4-20-2013 Called company to get shipping info to make sure truck would be able to get to my house. Was told (by general mgr)shipping information would be updated that night, but that my backhoe was on a truck and should be on time.

4-21-2013 Received e-mail from general manager stating that my shipment would be delayed a few days, I called to see what had happened and was told someone in the shipping department would get back with me, but that never happened

4-29-2013 Called company to see if I could get an update and see if I could get shipping info that I still never have received. Was told that my new shipping document was going to update that night which never happened.

4-30-2013 Got e-mail from shipping department that said my shipment should arrive by 5-1 or 5-2, so I called again and demanded shipping info, which they said I could not get until that night, I insisted until they told me that actually my shipment was in fact on a truck but would not reach me until 5-3 or 5-6 I decided to cool down for a few days and called back on 5-2 and asked to speak to the general manager, after two attempts and 30 minutes I finally got thru to him and he admitted that he did not get enough 7 foot backhoes to fill my order. When I suggested he had lied to me at least once, he acted offended. 

Long story short, I cancelled my order and immediately confirmed with my credit card company. I don't see how these people are still in business. I cannot 
believe that I am the only one this has happened to.


----------



## pogobill

Good info, thanks


----------



## Hornblowerharry

*liberty*

I had the exact same experience. Except I did not cancel. The backhoe works well. I will write more later. Truly an "f"ed up company. Probably better off paying the extra money and getting a name brand backhoe. These products will hold their value. Plus if you take a farm deduction, you are getting it for much less than the purchase price. I have posted a youtube video of mine in action. gogle liberty backhoe youtube

I have lots of advice about these which I will post at some point. I already posted but it never came up.


----------



## JDGreen_

I had the same experience however six months latter I have not received a refund. They must be poorly managed and cannot be truthful if they are out of stock.


----------



## clydeive

Dealing with this company is an amazing experience. My backhoe was delivered 4 months after it was promised. I was promised compensation for the fiasco but the promises were not kept, The whole process was like watching an episode of the three stooges. What bothered me the most were the constant promises that were not kept. I spent many years as a purchasing agent and this was the most amazing display of incompetence I have ever experienced. The backhoe appears to be of good quality but I would never do business with this company again.


----------



## jww100

*Stay away from liberty backhoes!*

*I have had a similar experience;*

6/23/2015 I placed an order over the phone, estimated arrival 7/23/2015

7/21/2015 Received an email notice that I would be getting shipping info by the next day.

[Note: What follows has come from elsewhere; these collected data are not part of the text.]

(* Let $T=(T_a,T_b)$ be a rooted binary tree on $n$ leaves with minimal Colless index, where $T_a,T_b$ have $n_a\geq n_b$ leaves. Let $T_n^{gfb}=(T_a^{gfb},T_b^{gfb})$ with $n_a^{gfb}\geq n_b^{gfb}$ leaves and $T_n^{mb}=(T_a^{mb},T_b^{mb})$ with $n_a^{mb}\geq n_b^{mb}$ leaves. Then $$n_a^{gfb}\geq n_a\geq n_a^{mb}\quad\text{and}\quad n_b^{gfb}\leq n_b\leq n_b^{mb}.$$
   Context: A rooted binary tree with $n\geq 2$ leaves is a rooted tree whose root has degree 2 and all other internal nodes have degree 3; for $n=1$ it is a single node. Trees are up to isomorphism. $T=(T_a,T_b)$ denotes the decomposition into the subtrees rooted at the children of the root. For an internal node $v$ with children $v_1,v_2$, let $\kappa(v_i)$ be the number of leaves descending from $v_i$ ($1$ if a leaf) and $bal(v)=|\kappa(v_1)-\kappa(v_2)|$. The Colless index is $\mathcal{C}(T)=\sum_v bal(v)$ over internal nodes; minimal means minimal among rooted binary trees with $n$ leaves. $T_n^{mb}$ is the unique tree with $n$ leaves having $bal(v)\leq1$ at every internal node (maximally balanced tree). The GFB tree $T_n^{gfb}$ is the output of: start with $n$ single-node trees; while more than one tree remains, remove a tree $u$ of minimal size (number of leaves), then remove a tree $v$ of minimal size among the remaining ones, and insert the tree with a new root whose children are the roots of $u$ and $v$; output the remaining tree. *)

theory Defs
  imports Main "HOL-Library.Multiset"
begin

text \<open>Rooted binary trees as plane trees; isomorphism (swapping children) does not
  affect leaf counts or the Colless index, so all notions below are isomorphism-invariant.\<close>
datatype btree = Leaf | Node btree btree

fun leaves :: "btree \<Rightarrow> nat" where
  "leaves Leaf = 1"
| "leaves (Node l r) = leaves l + leaves r"

definition bal_of :: "btree \<Rightarrow> btree \<Rightarrow> nat" where
  "bal_of l r = nat \<bar>int (leaves l) - int (leaves r)\<bar>"

fun colless :: "btree \<Rightarrow> nat" where
  "colless Leaf = 0"
| "colless (Node l r) = bal_of l r + colless l + colless r"

definition colless_minimal :: "btree \<Rightarrow> bool" where
  "colless_minimal T \<longleftrightarrow> (\<forall>T'. leaves T' = leaves T \<longrightarrow> colless T \<le> colless T')"

fun max_balanced :: "btree \<Rightarrow> bool" where
  "max_balanced Leaf = True"
| "max_balanced (Node l r) = (bal_of l r \<le> 1 \<and> max_balanced l \<and> max_balanced r)"

inductive gfb_step :: "btree multiset \<Rightarrow> btree multiset \<Rightarrow> bool" where
  "u \<in># M \<Longrightarrow> (\<forall>w\<in>#M. leaves u \<le> leaves w) \<Longrightarrow>
   v \<in># M - {#u#} \<Longrightarrow> (\<forall>w\<in># M - {#u#}. leaves v \<le> leaves w) \<Longrightarrow>
   gfb_step M (M - {#u#} - {#v#} + {#Node u v#})"

definition gfb_tree :: "nat \<Rightarrow> btree \<Rightarrow> bool" where
  "gfb_tree n T \<longleftrightarrow> gfb_step\<^sup>*\<^sup>* (replicate_mset n Leaf) {#T#}"

end

theory Submission
  imports Defs
begin

text \<open>Write \<open>c(n)\<close> for the least Colless index of a tree with \<open>n\<close> leaves; it obeys
  \<open>c(n) = c(\<lceil>n/2\<rceil>) + c(\<lfloor>n/2\<rfloor>) + (n mod 2)\<close>. GFB keeps the leaf counts of its forest
  within a factor two of each other, all but at most one of them powers of two; so its root
  subtrees have sizes \<open>x \<ge> y\<close> with \<open>x \<le> 2y\<close> and \<open>x\<close> or \<open>y\<close> a power of two, which forces
  \<open>y = m(n)\<close> for a function \<open>m\<close> with a halving recursion and closed form
  \<open>m(2^(q+1) + r) = max 2^q r\<close>. Halving \<open>a\<close> and \<open>b\<close> simultaneously proves
  \<open>c(a + b) + m(a + b) \<le> c(a) + c(b) + a\<close> for \<open>b \<le> a\<close>. A Colless-minimal tree with root
  subtrees of sizes \<open>a \<ge> b\<close> has \<open>c(a + b) \<ge> (a - b) + c(a) + c(b)\<close>, hence \<open>m(n) \<le> b\<close>.
  The maximally balanced tree splits \<open>n\<close> into \<open>\<lceil>n/2\<rceil>\<close> and \<open>\<lfloor>n/2\<rfloor>\<close>, the most even split.\<close>

section \<open>Halving induction\<close>

lemma nat_halving_induct [case_names 0 1 double odd]:
  fixes n :: nat
  assumes "P 0" "P 1"
    and "\<And>m. 1 \<le> m \<Longrightarrow> P m \<Longrightarrow> P (2 * m)"
    and "\<And>m. 1 \<le> m \<Longrightarrow> P m \<Longrightarrow> P (m + 1) \<Longrightarrow> P (2 * m + 1)"
  shows "P n"
proof (induction n rule: less_induct)
  case (less n)
  consider "n \<le> 1" | "2 \<le> n" "n = 2 * (n div 2)" | "2 \<le> n" "n = 2 * (n div 2) + 1"
    by linarith
  then show ?case
  proof cases
    case 1
    then show ?thesis using assms(1,2) by (cases n) auto
  next
    case 2
    then show ?thesis using assms(3)[of "n div 2"] less[of "n div 2"] by simp
  next
    case 3
    then show ?thesis using assms(4)[of "n div 2"] less[of "n div 2"] less[of "n div 2 + 1"] by simp
  qed
qed

lemma pair_halving_induct
    [consumes 1, case_names zero one diag double_double odd_double double_odd odd_odd]:
  fixes a b :: nat
  assumes "b \<le> a"
    and "\<And>a. P a 0" and "\<And>a. 1 \<le> a \<Longrightarrow> P a 1" and "\<And>a. P a a"
    and "\<And>a b. 1 \<le> b \<Longrightarrow> b \<le> a \<Longrightarrow> P a b \<Longrightarrow> P (2 * a) (2 * b)"
    and "\<And>a b. 1 \<le> b \<Longrightarrow> b \<le> a \<Longrightarrow> P a b \<Longrightarrow> P (a + 1) b \<Longrightarrow> P (2 * a + 1) (2 * b)"
    and "\<And>a b. 1 \<le> b \<Longrightarrow> b < a \<Longrightarrow> P a b \<Longrightarrow> P a (b + 1) \<Longrightarrow> P (2 * a) (2 * b + 1)"
    and "\<And>a b. 1 \<le> b \<Longrightarrow> b < a \<Longrightarrow> P (a + 1) b \<Longrightarrow> P a (b + 1) \<Longrightarrow> P (2 * a + 1) (2 * b + 1)"
  shows "P a b"
  using assms(1)
proof (induction "a + b" arbitrary: a b rule: less_induct)
  case less
  consider "b = 0" | "b = 1" | "b = a" | (step) "2 \<le> b" "b < a"
    using less.prems by linarith
  then show ?case
  proof cases
    case step
    have IH: "P a' b'" if "a' + b' < a + b" "b' \<le> a'" for a' b'
      using less.hyps that by blast
    consider (ee) "even a" "even b" | (oe) "odd a" "even b" | (eo) "even a" "odd b"
      | (oo) "odd a" "odd b"
      by blast
    then show ?thesis
    proof cases
      case ee
      then obtain a' b' where "a = 2 * a'" "b = 2 * b'" by (auto elim!: evenE)
      then show ?thesis using assms(5)[of b' a'] IH[of a' b'] step by simp
    next
      case oe
      then obtain a' b' where "a = 2 * a' + 1" "b = 2 * b'" by (auto elim!: evenE oddE)
      then show ?thesis using assms(6)[of b' a'] IH[of a' b'] IH[of "a' + 1" b'] step by simp
    next
      case eo
      then obtain a' b' where "a = 2 * a'" "b = 2 * b' + 1" by (auto elim!: evenE oddE)
      then show ?thesis using assms(7)[of b' a'] IH[of a' b'] IH[of a' "b' + 1"] step by simp
    next
      case oo
      then obtain a' b' where "a = 2 * a' + 1" "b = 2 * b' + 1" by (auto elim!: oddE)
      then show ?thesis using assms(8)[of b' a'] IH[of "a' + 1" b'] IH[of a' "b' + 1"] step by simp
    qed
  qed (use assms(2-4) less.prems in auto)
qed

7/21/2015 Received an email from GM Alex that shipping has been delayed and new date is between 8/10-8/14 and I would get $154 credit for the inconvenience.

8/24/2015 Called in to check status, supposedly on its way shipping info to follow.

8/25/2015 Received email from GM apologizing for not getting back right away and notifying me that the new ship date will be 9/28/2015

8/28/2015 Called and canceled the order, was told accounting would refund my payment ASAP

9/1/2015 Emailed and requested a cancellation confirmation and refund, they said by the end of the day 

9/4/2015 Called with the same above request, promised immediate action

9/9/2015 Called again and finally received an email confirming my request and was told i should receive an email from accounting

9/10/2015 Called my credit card and filed a disputed charge for non fulfillment

It would appear that this company uses every trick in the book to keep your money as long as they can and not ship anything.

*STAY AWAY FROM LIBERTY BACKHOES!* 

My advice is to buy local when you can!


----------



## Rjarka

Don't feel like the lone ranger boys,I went through the same B/S. Ordered the hoe in April
of 2014 and didn't get it until July and that was only the beginning of the headaches.I had to completely tear the hoe down to assemble the horizontal bar to the the top link and the hoe and then it did not fit the hole in the backhoe,The hole was full of powder coat and I spent hours scraping until the bolt would go through. The buckets were the same story,holes full of powder coat.The shield that is suppose to go over the u-joint is a mystery .It just does not fit. The thumb that was a bonus has an arm that attaches to the upper and lower arm did not fit. It was welded off center and out of square.I ended up making a new bar and bushings in my shop. So much for turnkey operation.
Troy is the biggest liar I have ever experienced in my 75 years on earth.He will promise the moon and never delivers.
Long story short "STAY AWAY FROM LIBERTY BACKHOES"
 Richard Jarka
Caledonia ,Mn


----------